Welcome to Spotlight. I’m Colin Lowther.

Voice 2 

And I’m Liz Waid. Spotlight uses a special English method of broadcasting. It is easier for people to understand, no matter where in the world they live.

Voice 1 

The baby stork is lost. He was flying with many other birds, including his parents. They were migrating - making their yearly trip north. But because he is just a baby, the little stork could not fly fast enough. The other birds left him behind. Now he is in danger. There are wild animals in the area. He is not strong enough to escape from them. And he is getting hungry. Big vultures also fly above him. They are waiting for him to die. All hope seems lost. Then, all at once, another group of storks appear. They too are flying to the north. With them he is safe, and he flies away with them.

Voice 2 

This is part of a recent television series from the BBC. It is called “Earth Flight”. This series shows the world through the eyes of birds. It follows birds as they migrate, hunt and raise young. The filmmakers travelled and filmed very close to the birds. Today’s Spotlight is on “Earth Flight”, and the way filmmakers captured these amazing images.

Voice 1

“Earth Flight” is a series of six programs. Each program covers a different continent. And the last program shows how the filmmakers made the series. It took the filmmakers three and a half years to complete the filming. And they used many different ways to film.

Voice 2 

In one part, cameras follow barnacle geese as they migrate through the United Kingdom. The geese live in the United Kingdom during the winter. Then they migrate north for the summer months. Several million geese make this trip to have their babies. They fly in groups in the shape of a large V. They change places with each other to protect the birds that are less strong.

Voice 1 

The camera seems to float next to these birds as they fly. One camera operator later said that the birds were close enough to touch! They were flying with the birds. But they did not frighten the birds. Instead, they were part of the V. This was because of one man: Christian Moullec.

Voice 2 

Christian Moullec lives in France. Since 1996, he has been raising barnacle geese and other birds. The birds live in his home, with his family. He and his family raise the birds from eggs. He is like a mother to the birds. They even sleep in the same room with him and his wife! When it is time for them to fly, he flies with them.

Voice 1 

Moullec uses a very small, light airplane. It is like a little chair, with wings, and a small engine behind. The birds can see him clearly, and can fly close to him. Moullec uses this “microlite” to guide the birds on their yearly migration. He does this for one simple reason. The number of barnacle geese has been decreasing. They are in danger of dying out completely, and becoming extinct. By raising birds this way, and training them, Moullec and his family can help increase the numbers of geese again.

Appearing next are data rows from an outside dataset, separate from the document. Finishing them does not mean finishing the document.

lemma mat_rank_eq_dim:
  assumes "finite S"
  shows "mat_rank k A S = fun_vs.dim (column k A ` S)"
  unfolding mat_rank_def
proof (rule Max_eqI)
  have "{card T |T. T \<subseteq> S \<and> col_indep k A T} \<subseteq> card ` Pow S" by auto
  then show "finite {card T |T. T \<subseteq> S \<and> col_indep k A T}"
    using assms finite_subset by blast
  obtain B where B: "B \<subseteq> column k A ` S" "fun_vs.independent B" "column k A ` S \<subseteq> fun_vs.span B"
    "card B = fun_vs.dim (column k A ` S)"
    by (rule fun_vs.basis_exists)
  have finB: "finite B" using B(1) assms finite_subset by blast
  show "m \<le> fun_vs.dim (column k A ` S)" if m: "m \<in> {card T |T. T \<subseteq> S \<and> col_indep k A T}" for m
  proof -
    obtain T where T: "m = card T" "T \<subseteq> S" "col_indep k A T" using m by blast
    then have "inj_on (column k A) T" "fun_vs.independent (column k A ` T)"
      by (auto simp: col_indep_iff_independent)
    moreover have "column k A ` T \<subseteq> fun_vs.span B" using T(2) B(3) by blast
    ultimately have "card (column k A ` T) \<le> card B"
      using fun_vs.independent_span_bound[OF finB] by blast
    then show ?thesis using T(1) B(4) card_image[OF \<open>inj_on (column k A) T\<close>] by simp
  qed
  obtain T where T: "T \<subseteq> S" "column k A ` T = B" "inj_on (column k A) T"
    using subset_image_inj[of B "column k A" S] B(1) by blast
  then have "col_indep k A T"
    using B(2) assms finite_subset by (auto simp: col_indep_iff_independent)
  then show "fun_vs.dim (column k A ` S) \<in> {card T |T. T \<subseteq> S \<and> col_indep k A T}"
    using T B(4) card_image[OF T(3)] by (metis (mono_tags, lifting) mem_Collect_eq)
qed

lemma mat_rank_second_difference:
  fixes k :: nat and A :: "nat \<Rightarrow> int \<Rightarrow> real" and e f :: int
  assumes "finite X"
  defines "r \<equiv> mat_rank k A X" and "re \<equiv> mat_rank k A (insert e X)"
    and "rf \<equiv> mat_rank k A (insert f X)" and "ref \<equiv> mat_rank k A (insert e (insert f X))"
  shows "int re + int rf - int ref - int r = (if ref = re \<and> re = rf \<and> rf \<noteq> r then 1 else 0)"
  using fun_vs.dim_insert_second_difference[of "column k A ` X" "column k A e" "column k A f"] assms
  by (simp add: mat_rank_eq_dim)

lemma mat_rank_singleton_le: "mat_rank k A {e} \<le> 1"
  using fun_vs.dim_insert_finite[of "{}" "column k A e"]
  by (simp add: mat_rank_eq_dim fun_vs.dim_eq_card_independent[OF fun_vs.independent_empty])

lemma mat_rank_empty: "mat_rank k A {} = 0"
  by (simp add: mat_rank_eq_dim fun_vs.dim_eq_card_independent[OF fun_vs.independent_empty])

section \<open>Cyclic intervals\<close>

definition cyc_rep :: "nat \<Rightarrow> int \<Rightarrow> int" where
  "cyc_rep n m = (m - 1) mod int n + 1"

lemma cyc_int_eq_image: "cyc_int n i j = cyc_rep n ` {i..j}"
  unfolding cyc_int_def cyc_rep_def by auto

lemma cyc_int_empty: "j < i \<Longrightarrow> cyc_int n i j = {}"
  by (simp add: cyc_int_eq_image)

lemma cyc_int_insert_left: "i \<le> j \<Longrightarrow> cyc_int n i j = insert (cyc_rep n i) (cyc_int n (i + 1) j)"
proof -
  assume "i \<le> j"
  then have "{i..j} = insert i {i + 1..j}" by auto
  then show ?thesis by (simp add: cyc_int_eq_image)
qed

lemma cyc_int_insert_right: "i \<le> j \<Longrightarrow> cyc_int n i j = insert (cyc_rep n j) (cyc_int n i (j - 1))"
proof -
  assume "i \<le> j"
  then have "{i..j} = insert j {i..j - 1}" by auto
  then show ?thesis by (simp add: cyc_int_eq_image)
qed
definition star_metric :: "(real \<Rightarrow> real \<Rightarrow> real) \<Rightarrow> 'a set \<Rightarrow> ('a \<Rightarrow> 'a \<Rightarrow> real) \<Rightarrow> bool" where
  "star_metric st X d \<longleftrightarrow>
     (\<forall>x\<in>X. \<forall>y\<in>X. d x y \<ge> 0) \<and>
     (\<forall>x\<in>X. \<forall>y\<in>X. d x y = 0 \<longleftrightarrow> x = y) \<and>
     (\<forall>x\<in>X. \<forall>y\<in>X. d x y = d y x) \<and>
     (\<forall>x\<in>X. \<forall>y\<in>X. \<forall>z\<in>X. d x y \<le> st (d x z) (d z y))"

definition star_ball :: "'a set \<Rightarrow> ('a \<Rightarrow> 'a \<Rightarrow> real) \<Rightarrow> 'a \<Rightarrow> real \<Rightarrow> 'a set" where
  "star_ball X d a r = {x \<in> X. d a x < r}"

definition star_topology :: "'a set \<Rightarrow> ('a \<Rightarrow> 'a \<Rightarrow> real) \<Rightarrow> 'a topology" where
  "star_topology X d = topology (\<lambda>U. U \<subseteq> X \<and> (\<forall>a\<in>U. \<exists>r>0. star_ball X d a r \<subseteq> U))"

definition star_totally_bounded :: "'a set \<Rightarrow> ('a \<Rightarrow> 'a \<Rightarrow> real) \<Rightarrow> bool" where
  "star_totally_bounded Y d \<longleftrightarrow>
     (\<forall>\<epsilon>>0. \<exists>F. finite F \<and> F \<subseteq> Y \<and> Y = (\<Union>x\<in>F. {y \<in> Y. d x y < \<epsilon>}))"

end

theory Submission
  imports Defs
begin

text \<open>Since \<open>st 0 c = c\<close> and \<open>st\<close> is continuous in its first argument, \<open>d x z < \<delta>\<close> and
  \<open>d z y < \<delta>\<close> force \<open>d x y < \<epsilon>\<close> once \<open>\<delta>\<close> is small, and every star-ball contains a star-ball
  around each of its points. So star-balls are open, and each point of the closure of M lies
  arbitrarily close to M. A finite \<open>\<delta>\<close>-net of either M or its closure then yields an
  \<open>\<epsilon>\<close>-net of the other, after moving each net point to a nearby point of the other set.\<close>

lemma t_definerD:
  assumes "t_definer st"
  shows t_definer_commute: "\<And>a b. 0 \<le> a \<Longrightarrow> 0 \<le> b \<Longrightarrow> st a b = st b a"
    and t_definer_mono: "\<And>a b c. 0 \<le> a \<Longrightarrow> 0 \<le> b \<Longrightarrow> 0 \<le> c \<Longrightarrow> a \<le> b \<Longrightarrow> st a c \<le> st b c"
    and t_definer_zero: "\<And>a. 0 \<le> a \<Longrightarrow> st a 0 = a"
    and t_definer_continuous: "\<And>c. 0 \<le> c \<Longrightarrow> continuous_on {0..} (\<lambda>a. st a c)"
  using assms unfolding t_definer_def by simp_all
(* Let the Algorithm and assumptions (A1)–(A4) be as in the context, with constants $L_H,K_H,\delta_g,\delta_H,\nu$. Suppose the algorithm does not terminate at the $N$-th iteration, and that for every iteration $k$ the parameters satisfy $\delta_g\le\frac{9\delta_H^2}{4\sigma_k}$ and \[ \delta_H\le\min\Big\{\min\{\tfrac1{18},\tfrac{1-\rho_{TH}}{9}\}\big(\sqrt{K_H^2+4\sigma_k\varepsilon_g}-K_H\big),\ \min\{\tfrac19,\tfrac{2(1-\rho_{TH})}{9}\}\nu\varepsilon_H\Big\}. \] Then $\sigma_k\le\max\{\sigma_0,2\gamma L_H\}$ for all $k=1,2,\dots,N$.
   Context: Let $\mathcal M$ be a connected complete Riemannian manifold; $\langle\cdot,\cdot\rangle$ and $\|\cdot\|$ denote the inner product and norm on tangent spaces $T_x\mathcal M$. Let $f=\frac1n\sum_{i=1}^n f_i$ with each $f_i:\mathcal M\to\mathbb R$ twice continuously differentiable; $\mathrm{grad} f$ is the Riemannian gradient. A retraction is a smooth map $R:T\mathcal M\to\mathcal M$ whose restriction $R_x$ to $T_x\mathcal M$ satisfies $R_x(0_x)=x$, $DR_x(0_x)=\mathrm{Id}$. $\nabla^2 f\circ R_x(0_x)$ is the Hessian at $0_x$ of $f\circ R_x$ on the inner-product space $T_x\mathcal M$ (a self-adjoint operator). $\lambda_{\min}(H)$ denotes the smallest eigenvalue of a self-adjoint operator $H$. Algorithm: fix $\varepsilon_g,\varepsilon_H,\rho_{TH}\in(0,1)$, $\gamma>1$, $x_0\in\mathcal M$, $\sigma_0>0$. At iteration $k$: construct $G_k\in T_{x_k}\mathcal M$ and self-adjoint linear $H_k$ on $T_{x_k}\mathcal M$; if $\|G_k\|\le\varepsilon_g$ and $\lambda_{\min}(H_k)\ge-\varepsilon_H$, stop (terminate at iteration $k$); otherwise choose $\eta_k\in T_{x_k}\mathcal M$ approximately minimizing $m_k(\eta):=\langle G_k,\eta\rangle+\frac12\langle H_k[\eta],\eta\rangle+\frac13\sigma_k\|\eta\|^3$, set $\rho_k=\frac{f(x_k)-f\circ R_{x_k}(\eta_k)}{-m_k(\eta_k)}$; if $\rho_k\ge\rho_{TH}$ set $x_{k+1}=R_{x_k}(\eta_k)$, $\sigma_{k+1}=\sigma_k/\gamma$, else $x_{k+1}=x_k$, $\sigma_{k+1}=\gamma\sigma_k$. Cauchy point and eigenpoint: $\eta_k^C:=-\alpha^C G_k$ with $\alpha^C\in\arg\min_{\alpha\ge0}m_k(-\alpha G_k)$. Fix $\nu\in(0,1)$. When $\lambda_{\min}(H_k)<0$, $\eta_k^E:=\alpha^E u_k$ where $u_k$ satisfies $\langle u_k,H_k[u_k]\rangle\le\nu\lambda_{\min}(H_k)\|u_k\|^2<0$ and $\langle G_k,u_k\rangle\le0$, and $\alpha^E\in\arg\min_{\alpha\ge0}m_k(\alpha u_k)$. Assumptions: (A1) there is $L_H>0$ with $\big|f\circ R_{x_k}(\eta_k)-f(x_k)-\langle\mathrm{grad} f(x_k),\eta_k\rangle-\frac12\langle\nabla^2 f\circ R_{x_k}(0_{x_k})[\eta_k],\eta_k\rangle\big|\le\frac12L_H\|\eta_k\|^3$ for all $k$. (A2) there is $K_H>0$ with $\|H_k\|:=\sup_{\|\eta\|\le1}\langle\eta,H_k[\eta]\rangle\le K_H$ for all $k$. (A3) there are $\delta_g,\delta_H\in(0,1)$ with $\|G_k-\mathrm{grad} f(x_k)\|\le\delta_g$ and $\|(H_k-\nabla^2 f\circ R_{x_k}(0_{x_k}))[\eta_k]\|\le\delta_H\|\eta_k\|$ for all $k$. (A4) for all $k$, $-m_k(\eta_k)\ge-m_k(\eta_k^C)$, and $-m_k(\eta_k)\ge-m_k(\eta_k^E)$ whenever $\lambda_{\min}(H_k)<0$. *)

theory Defs
  imports "HOL-Analysis.Analysis"
begin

He told the Daily Mail newspaper,

Voice 3 

“My wife and I have worked to save a kind of wild goose. It is on the edge of becoming extinct. We are working to establish new groups in other good places across Europe. I thank the birds for the gift they have given me. This gift is to observe them in flight.”

Voice 2 

The filmmakers from Earth Flight wanted to work with Moullec, to show the barnacle geese migration. So they flew with him. They held heavy cameras and flew right next to the geese. The film shows the birds as they fly over the city of London and across the United Kingdom. Viewers experience, in a small way, what Moullec experiences when he flies with the geese.

Voice 1 

Filmmakers used similar methods with other geese in North America. In each place, the methods were a little different. With the geese in North America, filmmakers also attached small cameras to trained geese. These images show what the goose is seeing as it travels. It shows the goose’s images of New York City, for example. The geese fly through this great city. The tall buildings send up great gusts of wind, blowing air high. The geese float on this air, and it gives them a short break - even while they fly!

Voice 2 

But this method only works with particular kinds of birds. Vultures are big, heavy birds. They live in many parts of the world. They also fly high in the air, looking for food. They eat meat - animals that have died. The filmmakers wanted to film them as they flew. But they could not train vultures in the same way that Moullec had trained his geese. So they tried a different method.

Voice 1 

They made a model vulture. This vulture would look like a real bird to other vultures. It would fly, and the filmmakers could control its movements. And it would carry a camera. The camera recorded many amazing images of the other vultures. Then, the filmmakers brought the model back to the ground. It had survived surprisingly well. The model only lost its nose!

Voice 2 

But the model was not enough. The filmmakers also trained a real vulture to fly from a small microlite airplane. Like the North American geese, the vulture carried a camera. Then, they released this vulture among wild vultures in Africa. The camera recorded the vultures hunting and nesting - images that could not be recorded in any other way.

Voice 1 

The filmmakers used this method with many other birds, including condors in South America. But they also used normal nature photography to capture some amazing images. Huge eagles stealing fish from hairy bears in the far north of America. A tiny swallow catching an insect. Macaws flying through the jungle.

Voice 2 

In each situation, the filmmakers show the life and experience of birds. The first words in the series are: “It is a dream of many, to fly like a bird”. To make these programmes, men have learned to fly with the birds.

Voice 1 

To see videos from the Earth Flight series, visit our website, www.radioenglish.net. You can see video of the geese, the vultures, and many others.

Voice 2 

The writer of this program was Shelagh Godwin. The producer was Luke Haley. The voices you heard were from the United Kingdom and the United States. All quotes were adapted for this program and voiced by Spotlight. You can listen to this program again, and read it, on the internet at www.radioenglish.net. This program is called, ‘Flying with Birds’.

Voice 1 

You can also find us on Facebook - just search for spotlightradio. We hope you can join us again for the next Spotlight program. Goodbye.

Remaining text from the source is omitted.